# fout en boule



## alenaro

_Ce qui me fout en boule, ce sont les gens egoistes. _

S'il est vrai que je comprends le sens de la phrase, il est vrai aussi que je ne connais pas l'éxacte traduction de l'éxpression "fout en boule". 

---> _mandare in bestia?_


----------



## brian

Je dirais: _me fout en boule = *mi sta sulle palle* _(dans le sens de _mi fa arrabbiare_, etc.)

Quindi anche _mandare in bestia_ rende bene il senso della frase, solo che non è volgare come _foutre_ (se non mi sbaglio).


----------



## Hermocrates

brian8733 said:


> Je dirais: _me fout en boule = *mi sta sulle palle* _(dans le sens de _mi fa arrabbiare_, etc.)
> 
> Quindi anche _mandare in bestia_ rende bene il senso della frase, solo che non è volgare come _foutre_ (se non mi sbaglio).



Sono d'accordo con la tua proposta di traduzione, Brian. 

La mia impressione è che in francese "foutre" è volgare/popolare ma un po' meno volgare del corrispondente italiano "fottere". 

La percezione che ne ho almeno è che a livello di registro "foutre" sia piuttosto sullo stesso piano in italiano di "sbattere", "palle",  "sega", etc che sono termini volgari ma tendenti ormai al popolare. 

Mi chiedo se invece  "mi fa incazzare" in italiano ha una connotazione un po' pù forte di "me fout en boule" in francese...


----------



## brian

Mi è venuto in mente anche a me _mi fa incazzare_, ma non son sicuro se _me fout en boule_ sia altrettanto forte o meno. Speriamo che ci risponda qualche francese!


----------



## Hermocrates

brian8733 said:


> Mi è venuto in mente anche a me _mi fa incazzare_, ma non son sicuro se _me fout en boule_ sia altrettanto forte o meno. Speriamo che ci risponda qualche francese!



Sì, meglio aspettare altri pareri, specie dai madrelingua. Meglio ancora poi se qualche bilingue franco-italiano potesse intervenire su questo dubbio per meglio comparare il peso delle due espressioni.

In generale io consiglierei cautela ai stranieri con il verbo  "incazzare" in italiano perché in genere è una parola forte e offensiva. Tuttavia ho l'impressione che il suo registro sia percepito diversamente nelle varie zone d'Italia. 

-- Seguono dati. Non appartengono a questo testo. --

lemma pattern_counts_insert_interior:
  assumes xs: "distinct xs" "0 \<notin> set xs" and p: "1 \<le> p" "p < length xs"
    and c: "pattern_counts xs = (v, w, d, a)"
  shows "pattern_at double_ascent xs p \<Longrightarrow> pattern_counts (insert_min p xs) = (Suc v, Suc w, d, a - 1)"
    and "pattern_at valley xs p \<Longrightarrow> pattern_counts (insert_min p xs) = (v, w, Suc d, a)"
    and "pattern_at double_descent xs (Suc p) \<Longrightarrow> pattern_counts (insert_min p xs) = (Suc v, Suc w, d - 1, a)"
    and "pattern_at valley xs (Suc p) \<Longrightarrow> pattern_counts (insert_min p xs) = (v, w, d, Suc a)"
proof -
  have pos: "0 < sig xs p" "0 < sig xs (Suc p)"
    using p sig_pos_iff[OF xs(2)] by auto
  then have "sig xs (p - 1) \<noteq> sig xs p" "sig xs p \<noteq> sig xs (Suc p)" "sig xs (Suc p) \<noteq> sig xs (Suc (Suc p))"
    using sig_neq_Suc[OF xs, of "p - 1"] sig_neq_Suc[OF xs, of p] sig_neq_Suc[OF xs, of "Suc p"] p
    by simp_all
  note facts = this pos c pattern_counts_insert_min[of p xs] p xs(2)
  show "pattern_at double_ascent xs p \<Longrightarrow> pattern_counts (insert_min p xs) = (Suc v, Suc w, d, a - 1)"
    using facts by (simp add: pattern_counts_def pattern_at_def pattern_defs)
  show "pattern_at valley xs p \<Longrightarrow> pattern_counts (insert_min p xs) = (v, w, Suc d, a)"
    using facts by (simp add: pattern_counts_def pattern_at_def pattern_defs)
  show "pattern_at double_descent xs (Suc p) \<Longrightarrow> pattern_counts (insert_min p xs) = (Suc v, Suc w, d - 1, a)"
    using facts by (simp add: pattern_counts_def pattern_at_def pattern_defs)
  show "pattern_at valley xs (Suc p) \<Longrightarrow> pattern_counts (insert_min p xs) = (v, w, d, Suc a)"
    using facts by (simp add: pattern_counts_def pattern_at_def pattern_defs)
qed

lemma interior_slot_cases:
  assumes "distinct xs" "0 \<notin> set xs" "1 \<le> p" "p < length xs"
  shows "pattern_at double_ascent xs p \<or> pattern_at valley xs p
    \<or> pattern_at double_descent xs (Suc p) \<or> pattern_at valley xs (Suc p)"
proof -
  have "0 < sig xs p"
    using assms sig_pos_iff[OF assms(2)] by auto
  then have "sig xs (p - 1) \<noteq> sig xs p" "sig xs p \<noteq> sig xs (Suc p)" "sig xs (Suc p) \<noteq> sig xs (Suc (Suc p))"
    using sig_neq_Suc[OF assms(1,2), of "p - 1"] sig_neq_Suc[OF assms(1,2), of p]
      sig_neq_Suc[OF assms(1,2), of "Suc p"] assms
    by (simp_all add: sig_pos_iff[OF assms(2)])
  then show ?thesis
    by (auto simp: pattern_at_def pattern_defs)
qed

lemma card_pattern_at_interior:
  assumes "\<And>x y z. T x y z \<Longrightarrow> x \<noteq> y" "\<And>x y. \<not> T x y 0"
  shows "card {p \<in> {1..<length xs}. pattern_at T xs p} = pattern_count T xs"
  unfolding pattern_count_eq_card
proof (rule arg_cong[of _ _ card], intro set_eqI iffI)
  fix i
  assume i: "i \<in> {i \<in> {..<length xs + 2}. pattern_at T xs i}"
  then have "T (sig xs (i - 1)) (sig xs i) (sig xs (Suc i))"
    by (simp add: pattern_at_def)
  then have "sig xs (i - 1) \<noteq> sig xs i" and nz: "sig xs (Suc i) \<noteq> 0"
    using assms by metis+
  then have "i \<noteq> 0"
    by (metis diff_0_eq_0)
  moreover have "i < length xs"
    using nz by (metis not_less_eq sig_beyond)
  ultimately show "i \<in> {p \<in> {1..<length xs}. pattern_at T xs p}"
    using i by simp
qed auto

lemma card_pattern_at_interior_Suc:
  assumes "\<And>y z. \<not> T 0 y z" "\<And>x. \<not> T x 0 0"
  shows "card {p \<in> {1..<length xs}. pattern_at T xs (Suc p)} = pattern_count T xs"
proof -
  have "Suc ` {p \<in> {1..<length xs}. pattern_at T xs (Suc p)} = {i \<in> {..<length xs + 2}. pattern_at T xs i}"
  proof (intro set_eqI iffI)
    fix i
    assume i: "i \<in> {i \<in> {..<length xs + 2}. pattern_at T xs i}"
    then have "T (sig xs (i - 1)) (sig xs i) (sig xs (Suc i))"
      by (simp add: pattern_at_def)
    then have "sig xs (i - 1) \<noteq> 0" and nz: "sig xs i \<noteq> 0 \<or> sig xs (Suc i) \<noteq> 0"
      using assms by metis+
    then have "i - 1 \<noteq> 0"
      by (metis sig_0)
    moreover have "i \<le> length xs"
    proof (rule ccontr)
      assume "\<not> i \<le> length xs"
      then show False
        using nz by (simp add: sig_beyond)
    qed
    ultimately show "i \<in> Suc ` {p \<in> {1..<length xs}. pattern_at T xs (Suc p)}"
      using i by (intro image_eqI[of _ _ "i - 1"]) auto
  qed auto
  moreover have "card (Suc ` {p \<in> {1..<length xs}. pattern_at T xs (Suc p)})
      = card {p \<in> {1..<length xs}. pattern_at T xs (Suc p)}"
    by (simp add: card_image)
  ultimately show ?thesis
    by (simp add: pattern_count_eq_card)
qed

lemma card_interior_slots:
  assumes "pattern_counts xs = (v, w, d, a)"
  shows "card {p \<in> {1..<length xs}. pattern_at double_ascent xs p} = a"
    and "card {p \<in> {1..<length xs}. pattern_at valley xs p} = v"
    and "card {p \<in> {1..<length xs}. pattern_at double_descent xs (Suc p)} = d"
    and "card {p \<in> {1..<length xs}. pattern_at valley xs (Suc p)} = v"
  using assms card_pattern_at_interior[of double_ascent xs] card_pattern_at_interior[of valley xs]
    card_pattern_at_interior_Suc[of double_descent xs] card_pattern_at_interior_Suc[of valley xs]
  by (auto simp: pattern_counts_def pattern_defs)

lemma peak_count_pos:
  assumes xs: "xs \<in> perms m" and "1 \<le> m"
  shows "0 < pattern_count peak xs"
proof -
  note P = perms_D[OF xs]
  obtain k where k: "k < m" "xs ! k = m"
    using P assms(2) by (metis atLeastAtMost_iff in_set_conv_nth order_refl)
  then have top: "sig xs (Suc k) = m"
    using P by (simp add: sig_def)
  have "sig xs k \<noteq> m" "sig xs (Suc (Suc k)) \<noteq> m"
    using top sig_neq_Suc[OF P(1,2), of k] sig_neq_Suc[OF P(1,2), of "Suc k"] assms(2) by auto
  then have "pattern_at peak xs (Suc k)"
    using top sig_le[OF xs, of k] sig_le[OF xs, of "Suc (Suc k)"] by (simp add: pattern_at_def peak_def)
  moreover have "Suc k < length xs + 2"
    using k P by simp
  ultimately show ?thesis
    unfolding pattern_count_eq_card by (auto simp: card_gt_0_iff)
qed

section \<open>The recurrence for \<open>Pn\<close>\<close>

definition stat_monomial ::
  "'a::comm_ring_1 \<Rightarrow> 'a \<Rightarrow> 'a \<Rightarrow> 'a \<Rightarrow> 'a \<Rightarrow> 'a \<Rightarrow> nat \<times> nat \<times> nat \<times> nat \<Rightarrow> nat \<Rightarrow> nat \<Rightarrow> 'a" where
  "stat_monomial u1 u2 u3 u4 \<alpha> \<beta> c l r = (case c of (v, w, d, a) \<Rightarrow>
     u1 ^ v * u2 ^ (w - 1) * u3 ^ d * u4 ^ a * \<alpha> ^ (l - 1) * \<beta> ^ (r - 1))"

definition perm_weight :: "'a::comm_ring_1 \<Rightarrow> 'a \<Rightarrow> 'a \<Rightarrow> 'a \<Rightarrow> 'a \<Rightarrow> 'a \<Rightarrow> nat list \<Rightarrow> 'a" where
  "perm_weight u1 u2 u3 u4 \<alpha> \<beta> xs =
     stat_monomial u1 u2 u3 u4 \<alpha> \<beta> (pattern_counts xs) (LRmax xs) (RLmax xs)"

lemma Pn_eq_sum_perm_weight:
  "Pn n u1 u2 u3 u4 \<alpha> \<beta> = (\<Sum>xs\<in>perms (Suc n). perm_weight u1 u2 u3 u4 \<alpha> \<beta> xs)"
  unfolding Pn_def perm_weight_def stat_monomial_def pattern_counts_def
  by (rule sum.cong) (simp, frule perms_D(2), simp add: Vst_eq_pattern_count Wst_eq_pattern_count
      rdd_eq_pattern_count lda_eq_pattern_count)

lemma eps_stat_monomial:
  assumes "1 \<le> w"
  shows "eps (stat_monomial (Dual u1 (u1 * (u3 + u4))) (Dual u2 0) (Dual u3 (u1 * u2)) (Dual u4 (u1 * u2))
      (Dual \<alpha> 0) (Dual \<beta> 0) (v, w, d, a) l r)
    = of_nat v * (u3 + u4) * stat_monomial u1 u2 u3 u4 \<alpha> \<beta> (v, w, d, a) l r
      + of_nat d * stat_monomial u1 u2 u3 u4 \<alpha> \<beta> (Suc v, Suc w, d - 1, a) l r
      + of_nat a * stat_monomial u1 u2 u3 u4 \<alpha> \<beta> (Suc v, Suc w, d, a - 1) l r"
proof -
  obtain w' where w: "w = Suc w'"
    using assms by (cases w) auto
  have pow: "of_nat k * x ^ (k - 1) * (x * y) = of_nat k * x ^ k * y" for k and x y :: 'a
    by (cases k) (simp_all add: algebra_simps)
  show ?thesis
    unfolding stat_monomial_def w
    by (simp only: dual_simps re_power eps_power dual.sel pow prod.case) (simp add: algebra_simps)
qed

Al nord, almeno in Lombardia, infatti, ho sentito usare espressioni come "non farmi incazzare"/"mi fai incazzare" con molta disinvoltura... perfino da genitori (madri o padri) con i loro bambini. Per le mie orecchie quest'uso sarebbe oltremodo inappropriato, ma evidentemente l'uso è più sdoganato in questa regione.


----------



## alenaro

Sì, io sono nato e ho vissuto in Lombardia e dire "mi fa incazzare" è popolare ed usato ormai da chiunque. Considerate anche che nel nord, a differenza che nel sud, l'uso di parolacce è molto più frequente, anche fra persone cosiddette "perbene" e fra donne.
Oggi questa locuzione la usa chiunque tranquillamente anche in pubblico, basta essere solo un po' alterati con qualcuno per utilizzarla. 
Considerate che il professore con cui ho scritto la tesi di laurea lo diceva di continuo quando ci consultavamo durante i giorni di ricevimento.


----------